A few examples include:
- Fastenal Co. (FAST) missed on revenues and earnings per share and reported fastener sales down 4% year-over-year, with prices decelerating at a rapid pace. Fastener sales are a close reflection of manufacturing and construction.
- Snap-On Inc. (SNA) also missed big on sales but beat on EPS. The share price was punished.
- Prologis Inc. (PLD) is an industrial REIT that trimmed guidance on macro impacts, including high interest rates, increased supply, and rising vacancies.
If the economy is slowing, that may be good news for Fed watchers. We continue to rely on our 1990s analogy, which we have written about extensively for over a year. Despite higher levels of inflation (on average 3% during the decade) and a 10-year Treasury yield which averaged 5%-7%...plus geopolitical shocks, a war, a labor shortage, an inverted yield curve, a soft landing for the economy, and productivity improvements...stocks enjoyed enviable returns. The Fed raised rates aggressively in 1994, cut three times in 1995, then mostly let it ride.
All of this reinforces our (currently unpopular) view that investors should focus on reliable earners like technology and consumer discretionary stocks (plus industrials and energy). We added to names in the fall of 2022 when the market had written off technology for dead, and again in 2023. That has worked out well.
Keep in mind: Large, profitable technology companies are beneficiaries of higher interest rates. Just take a gander at their balance sheets. In 2023, interest and investment income rose threefold to $1.6B for Meta Platforms Inc. (META), while Alphabet Inc.’s (GOOGL) haul increased 78% to $3.9B.

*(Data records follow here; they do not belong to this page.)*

section \<open>Bars that are up-sets of a box\<close>

text \<open>The bars of the example are unions of the truncated up-sets \<open>\<langle>p\<rangle>\<close>, i.e. up-sets of the
  box below the corner \<open>t\<close>; for such bars interleaving conditions become shifting conditions.\<close>

definition box_upset :: "pt \<Rightarrow> pt set \<Rightarrow> bool" where
  "box_upset t A \<longleftrightarrow> (\<forall>a\<in>A. le2 a t) \<and> (\<forall>a\<in>A. \<forall>b. le2 a b \<longrightarrow> le2 b t \<longrightarrow> b \<in> A)"

definition shifts_into :: "pt \<Rightarrow> nat \<Rightarrow> pt set \<Rightarrow> pt set \<Rightarrow> bool" where
  "shifts_into t d A B \<longleftrightarrow> (\<forall>a\<in>A. le2 (shiftp d a) t \<longrightarrow> shiftp d a \<in> B)"

lemma le2_shiftp_mono: "le2 (shiftp d' a) t \<Longrightarrow> d \<le> d' \<Longrightarrow> le2 (shiftp d a) t"
  by (auto simp: le2_def shiftp_def)

lemma box_upset_Un: "box_upset t A \<Longrightarrow> box_upset t B \<Longrightarrow> box_upset t (A \<union> B)"
  unfolding box_upset_def by blast

lemma shifts_into_natural:
  assumes A: "box_upset t A" and B: "box_upset t B" and AB: "shifts_into t d A B"
    and "le2 a b" "a \<in> A"
  shows "shiftp d b \<in> B \<and> b \<in> A \<longleftrightarrow> shiftp d a \<in> B \<and> shiftp d b \<in> B"
proof -
  have "le2 (shiftp d a) t" "le2 b t" if "shiftp d b \<in> B"
    using that B \<open>le2 a b\<close> by (auto simp: box_upset_def le2_def shiftp_def)
  then show ?thesis
    using A AB \<open>le2 a b\<close> \<open>a \<in> A\<close> unfolding box_upset_def shifts_into_def by blast
qed

lemma shifts_into_half_shift:
  assumes "box_upset t A" "shifts_into t d A B" "a \<in> A" "shiftp (2*d) a \<in> A"
  shows "shiftp d a \<in> B"
  using assms le2_shiftp_mono[of "2*d" a t d] unfolding box_upset_def shifts_into_def by auto

lemma interleaved_dirsum_by_matrices:
  fixes F G :: "nat \<Rightarrow> nat \<Rightarrow> int"
  assumes len: "length Js = n" "length Ks = m"
    and bars: "\<forall>A \<in> set Js \<union> set Ks. box_upset t A"
    and F: "\<And>i j. i < n \<Longrightarrow> j < m \<Longrightarrow> F j i \<noteq> 0 \<Longrightarrow> shifts_into t d (Js!i) (Ks!j)"
    and G: "\<And>j i. j < m \<Longrightarrow> i < n \<Longrightarrow> G i j \<noteq> 0 \<Longrightarrow> shifts_into t d (Ks!j) (Js!i)"
    and GF: "\<And>a i i'. i < n \<Longrightarrow> i' < n \<Longrightarrow> a \<in> Js!i \<Longrightarrow> shiftp (2*d) a \<in> Js!i' \<Longrightarrow>
      (\<Sum>j<m. G i' j * (if shiftp d a \<in> Ks!j then 1 else 0) * F j i) = (if i = i' then 1 else 0)"
    and FG: "\<And>a j j'. j < m \<Longrightarrow> j' < m \<Longrightarrow> a \<in> Ks!j \<Longrightarrow> shiftp (2*d) a \<in> Ks!j' \<Longrightarrow>
      (\<Sum>i<n. F j' i * (if shiftp d a \<in> Js!i then 1 else 0) * G i j) = (if j = j' then 1 else 0)"
  shows "interleaved d (dirsum_intervals Js :: 'k::field pmod) (dirsum_intervals Ks)"
proof -
  have "is_morph (dirsum_intervals Js) (shift_mod d (dirsum_intervals Ks))
          (matrix_morph n Ks F d :: pt \<Rightarrow> (nat \<Rightarrow> 'k) \<Rightarrow> _)"
    by (intro is_morph_matrix_morph shifts_into_natural) (use len bars F in auto)
  moreover have "is_morph (dirsum_intervals Ks) (shift_mod d (dirsum_intervals Js))
          (matrix_morph m Js G d :: pt \<Rightarrow> (nat \<Rightarrow> 'k) \<Rightarrow> _)"
    by (intro is_morph_matrix_morph shifts_into_natural) (use len bars G in auto)
  moreover have "\<forall>a. \<forall>x\<in>sp (dirsum_intervals Js) a. matrix_morph m Js G d (shiftp d a) (matrix_morph n Ks F d a x)
                   = mp (dirsum_intervals Js) a (shiftp (2*d) a) (x :: nat \<Rightarrow> 'k)"
    by (auto intro: matrix_morph_comp[OF len GF])
  moreover have "\<forall>a. \<forall>x\<in>sp (dirsum_intervals Ks) a. matrix_morph n Ks F d (shiftp d a) (matrix_morph m Js G d a x)
                   = mp (dirsum_intervals Ks) a (shiftp (2*d) a) (x :: nat \<Rightarrow> 'k)"
    by (auto intro: matrix_morph_comp[OF len(2,1) FG])
  ultimately show ?thesis
    unfolding interleaved_def by blast
qed

lemma interleaved_interval_modules:
  assumes A: "box_upset t A" and B: "box_upset t B"
    and "shifts_into t d A B" "shifts_into t d B A"
  shows "interleaved d (interval_module A :: 'k::field pmod) (interval_module B)"
  unfolding interval_module_def
proof (rule interleaved_dirsum_by_matrices[where F = "\<lambda>_ _. 1" and G = "\<lambda>_ _. 1" and t = t])
  show "\<forall>C \<in> set [A] \<union> set [B]. box_upset t C"
    using A B by simp
  fix a :: pt
  show "(\<Sum>j<1. 1 * (if shiftp d a \<in> [B]!j then 1 else 0) * 1) = (if i = i' then 1 else (0::int))"
    if "i < 1" "i' < 1" "a \<in> [A]!i" "shiftp (2*d) a \<in> [A]!i'" for i i'
    using that shifts_into_half_shift[OF A \<open>shifts_into t d A B\<close>] by simp
  show "(\<Sum>j<1. 1 * (if shiftp d a \<in> [A]!j then 1 else 0) * 1) = (if i = i' then 1 else (0::int))"
    if "i < 1" "i' < 1" "a \<in> [B]!i" "shiftp (2*d) a \<in> [B]!i'" for i i'
    using that shifts_into_half_shift[OF B \<open>shifts_into t d B A\<close>] by simp
qed (use assms in simp_all)

lemma not_matching_if_unmatchable:
  assumes "i < length C" "\<not> trivial2 T d (C!i)"
    and "\<forall>j<length D. \<not> intervals_interleaved T d (C!i) (D!j)"
  shows "\<not> matching T d C D"
proof
  assume "matching T d C D"
  then obtain R where "R \<subseteq> {..<length C} \<times> {..<length D}"
    and "\<forall>i<length C. \<not> trivial2 T d (C ! i) \<longrightarrow> i \<in> Domain R"
    and "\<forall>(i, j)\<in>R. intervals_interleaved T d (C ! i) (D ! j)"
    unfolding matching_def by blast
  with assms show False by blast
qed

lemma not_matching_if_compete:
  assumes i: "i < length C" "\<not> trivial2 T d (C!i)"
    and i': "i' < length C" "\<not> trivial2 T d (C!i')" and "i \<noteq> i'"
    and only_j: "\<And>k l. k \<in> {i, i'} \<Longrightarrow> l < length D \<Longrightarrow> intervals_interleaved T d (C!k) (D!l) \<Longrightarrow> l = j"
  shows "\<not> matching T d C D"
proof
  assume "matching T d C D"
  then obtain R where R: "R \<subseteq> {..<length C} \<times> {..<length D}"
    and inj: "\<forall>i i' j. (i, j) \<in> R \<longrightarrow> (i', j) \<in> R \<longrightarrow> i = i'"
    and dom: "\<forall>i<length C. \<not> trivial2 T d (C ! i) \<longrightarrow> i \<in> Domain R"
    and il: "\<forall>(i, j)\<in>R. intervals_interleaved T d (C ! i) (D ! j)"
    unfolding matching_def by blast
  have "(k, j) \<in> R" if "k \<in> {i, i'}" for k
  proof -
    obtain l where "(k, l) \<in> R"
      using dom i i' \<open>k \<in> {i, i'}\<close> by blast
    moreover from this have "l = j"
      using R il only_j[OF \<open>k \<in> {i, i'}\<close>] by blast
    ultimately show ?thesis by simp
  qed
  then show False
    using inj \<open>i \<noteq> i'\<close> by blast
qed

And despite handwringing over valuations, we are not in euphoria territory. See the above table from our friends at Alpine Macro. Then note the yield on the 10-year during the periods featured.
What does all this mean? We are using weakness to add to high-quality names. We reiterate our investing theme of old economy companies embracing this new industrial revolution of digitization and generative AI cloud computing.